Activity >> Please set down exactly the lines of the listing below from the line containing "< (\<bar>C\<bar> +" through the line containing "then obtain g", both lines included, leaving out all other lines.

Data >>
lemma FV_dual_gamma_Cauchy_if_equicontinuous:
  fixes \<Phi> :: "nat \<Rightarrow> ('a \<Rightarrow> 'k::real_normed_field) \<Rightarrow> 'k"
  assumes fw: "framework AP domT Tm \<nu> \<omega>"
    and lin: "\<And>n. K_linear_functional_on (FV AP domT Tm \<nu> \<omega>) (\<Phi> n)"
    and "finite S"
    and equicont: "\<And>n f. f \<in> FV AP domT Tm \<nu> \<omega> \<Longrightarrow>
          norm (\<Phi> n f) \<le> C * (\<Sum>(j,m)\<in>S. FVsemi Tm \<nu> \<omega> j m f)"
    and pointwise: "\<And>f. f \<in> FV AP domT Tm \<nu> \<omega> \<Longrightarrow> Cauchy (\<lambda>n. \<Phi> n f)"
  shows "FV_dual_gamma_Cauchy AP domT Tm \<nu> \<omega> \<Phi>"
  unfolding FV_dual_gamma_Cauchy_def
proof (intro allI impI)
  let ?FV = "FV AP domT Tm \<nu> \<omega>"
  let ?p = "\<lambda>f. \<Sum>(j,m)\<in>S. FVsemi Tm \<nu> \<omega> j m f"
  fix B and e :: real
  assume B: "FV_precompact AP domT Tm \<nu> \<omega> B" and e: "e > 0"
  have C: "\<bar>C\<bar> + 1 > 0" by (simp add: add_nonneg_pos)
  define d where "d = e / (3 * (\<bar>C\<bar> + 1))"
  have d: "d > 0" using e C by (simp add: d_def)
  obtain F where F: "finite F" "F \<subseteq> ?FV" and net: "B \<subseteq> (\<Union>g\<in>F. {f. ?p (f - g) < d})"
    using B \<open>finite S\<close> d unfolding FV_precompact_def by blast
  obtain N where N: "\<And>g n k. g \<in> F \<Longrightarrow> n \<ge> N \<Longrightarrow> k \<ge> N \<Longrightarrow> dist (\<Phi> n g) (\<Phi> k g) < e / 3"
    using Cauchy_uniform_on_finite[of F "\<lambda>g n. \<Phi> n g" "e / 3"] F pointwise e by auto
  have close: "norm (\<Phi> n f - \<Phi> n g) < e / 3" if "f \<in> ?FV" "g \<in> ?FV" "?p (f - g) < d" for f g n
  proof -
    have fg: "f - g \<in> ?FV" by (rule K_subspace_diff[OF K_subspace_FV[OF fw] that(1,2)])
    have "\<Phi> n f - \<Phi> n g = \<Phi> n (f - g)"
      using K_linear_functional_on_diff[OF K_subspace_FV[OF fw] lin that(1,2)] by simp
    also have "norm \<dots> \<le> C * ?p (f - g)" by (rule equicont[OF fg])
    also have "\<dots> \<le> (\<bar>C\<bar> + 1) * ?p (f - g)"
      by (rule mult_right_mono[OF _ sum_FVsemi_nonneg[OF fw fg]]) simp
    also have "\<dots> < (\<bar>C\<bar> + 1) * d"
      by (rule mult_strict_left_mono[OF that(3) C])
    also have "\<dots> = e / 3" using C by (simp add: d_def field_simps)
    finally show ?thesis .
  qed
  show "\<exists>N. \<forall>n\<ge>N. \<forall>k\<ge>N. \<forall>f\<in>B. norm (\<Phi> n f - \<Phi> k f) < e"
  proof (intro exI[of _ N] allI impI ballI)
    fix n k f assume n: "n \<ge> N" and k: "k \<ge> N" and "f \<in> B"
    then obtain g where g: "g \<in> F" and fg: "?p (f - g) < d" using net by blast
    have f: "f \<in> ?FV" using \<open>f \<in> B\<close> B unfolding FV_precompact_def by blast
    have g': "g \<in> ?FV" using g F by blast
    have "norm (\<Phi> n f - \<Phi> k f) < e / 3 + e / 3 + e / 3"
    proof (rule norm_diff_triangle_less[OF norm_diff_triangle_less])
      show "norm (\<Phi> n f - \<Phi> n g) < e / 3" by (rule close[OF f g' fg])
      show "norm (\<Phi> n g - \<Phi> k g) < e / 3" using N[OF g n k] by (simp add: dist_norm)
      show "norm (\<Phi> k g - \<Phi> k f) < e / 3" using close[OF f g' fg, of k] by (simp add: norm_minus_commute)
    qed
    then show "norm (\<Phi> n f - \<Phi> k f) < e" by simp
  qed
qed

Answer to this exercise >>
    also have "\<dots> < (\<bar>C\<bar> + 1) * d"
      by (rule mult_strict_left_mono[OF that(3) C])
    also have "\<dots> = e / 3" using C by (simp add: d_def field_simps)
    finally show ?thesis .
  qed
  show "\<exists>N. \<forall>n\<ge>N. \<forall>k\<ge>N. \<forall>f\<in>B. norm (\<Phi> n f - \<Phi> k f) < e"
  proof (intro exI[of _ N] allI impI ballI)
    fix n k f assume n: "n \<ge> N" and k: "k \<ge> N" and "f \<in> B"
    then obtain g where g: "g \<in> F" and fg: "?p (f - g) < d" using net by blast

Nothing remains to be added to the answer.